Required action:
Lines of the material that include the word "rule" are to be counted; only their number should be given.

Data in this exercise:
==============================
lemma xa_s1_le: "\<bar>s\<bar> \<le> s1 a \<Longrightarrow> xa a (s1 a) \<le> xa a s"
proof -
  assume s: "\<bar>s\<bar> \<le> s1 a"
  have "xa a (s1 a) \<le> xa a \<bar>s\<bar>"
  proof (rule DERIV_nonpos_imp_nonincreasing[OF s])
    fix t assume "\<bar>s\<bar> \<le> t" "t \<le> s1 a"
    then have "0 \<le> t" by linarith
    then show "\<exists>y. (xa a has_real_derivative y) (at t) \<and> y \<le> 0"
      using xa_has_derivative[of t] xa_numerator_nonpos[OF \<open>0 \<le> t\<close> \<open>t \<le> s1 a\<close>]
        sqrt_cos_term_bounds(1)[of "2*t"] cos_terms_pos(2)[of "2*t"]
      by (intro exI conjI) (auto intro: divide_nonpos_pos)
  qed
  then show ?thesis using xa_minus[of s] by (cases "0 \<le> s") auto
qed

lemma sgn_xa_s1: "sgn (xa a (s1 a)) = - sgn a"
proof -
  define s where "s = s1 a"
  define ph where "ph = phi a s"
  define z where "z = sqrt (1/2 + a * cos (2 * s))"
  have s: "0 < s" "s < pi/2" unfolding s_def using s1_first_zero(1,2) by auto
  have ph: "0 < ph" "ph < pi"
    unfolding ph_def using phi_strict_mono[OF s(1)] phi_lt_pi[of s] s by (auto simp: phi_zero s_def)
  have "0 < sin (2 * s) * sin ph"
    using s ph by (intro mult_pos_pos sin_gt_zero) auto
  moreover have "0 < c_a a * z" unfolding z_def using c_a_pos sqrt_cos_term_bounds(1) by simp
  moreover have "a * (sin (2 * s) * sin ph) = - (c_a a * z * cos ph)"
    using s1_first_zero(3) unfolding fa_eq s_def[symmetric] ph_def[symmetric] z_def[symmetric]
    by (simp add: algebra_simps)
  ultimately have "sgn a = - sgn (cos ph)"
    by (metis sgn_mult sgn_pos mult.right_neutral mult.left_neutral sgn_minus)
  moreover have "sgn (xa a s) = sgn (cos ph)"
    unfolding xa_def ph_def[symmetric] sgn_mult using cos_terms_pos(2)[of "2 * s"] by simp
  ultimately show ?thesis unfolding s_def by simp
qed

end

theorem mainTheorem7:
  fixes a :: real
  assumes "-1/2 < a" and "a < 1/2"
  shows "(\<lambda>(s, \<theta>). Xa a s \<theta>) ` ({- s1 a .. s1 a} \<times> UNIV) \<subseteq> geoball (arccos (xa a (s1 a)))
    \<and> geoball (arccos (xa a (s1 a))) = S3 \<inter> {p. p $ 1 \<ge> xa a (s1 a)}
    \<and> (a < 0 \<longrightarrow> arccos (xa a (s1 a)) < pi/2)
    \<and> (a = 0 \<longrightarrow> arccos (xa a (s1 a)) = pi/2)
    \<and> (0 < a \<longrightarrow> arccos (xa a (s1 a)) > pi/2)"
proof -
  define x where "x = xa a (s1 a)"
  have x_bound: "\<bar>x\<bar> \<le> 1" unfolding x_def by (rule abs_xa_le_1[OF assms])
  then have ball: "geoball (arccos x) = S3 \<inter> {p. x \<le> p $ 1}"
    unfolding geoball_def by simp
  have "(\<lambda>(s, \<theta>). Xa a s \<theta>) ` ({- s1 a .. s1 a} \<times> UNIV) \<subseteq> S3 \<inter> {p. x \<le> p $ 1}"
    using Xa_in_S3[OF assms] xa_s1_le[OF assms] unfolding x_def by (auto simp: Xa_nth_1)
  moreover have "arccos x < pi/2 \<longleftrightarrow> 0 < x" "pi/2 < arccos x \<longleftrightarrow> x < 0"
    "arccos x = pi/2 \<longleftrightarrow> x = 0"
    using arccos_less_mono[OF x_bound, of 0] arccos_less_mono[OF _ x_bound, of 0] arccos_eq_iff[of x 0]
      x_bound by auto
  moreover have "sgn x = - sgn a" unfolding x_def by (rule sgn_xa_s1[OF assms])
  ultimately show ?thesis unfolding x_def[symmetric] ball by (auto simp: sgn_if split: if_splits)
qed

end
==============================
Solution to this task:
3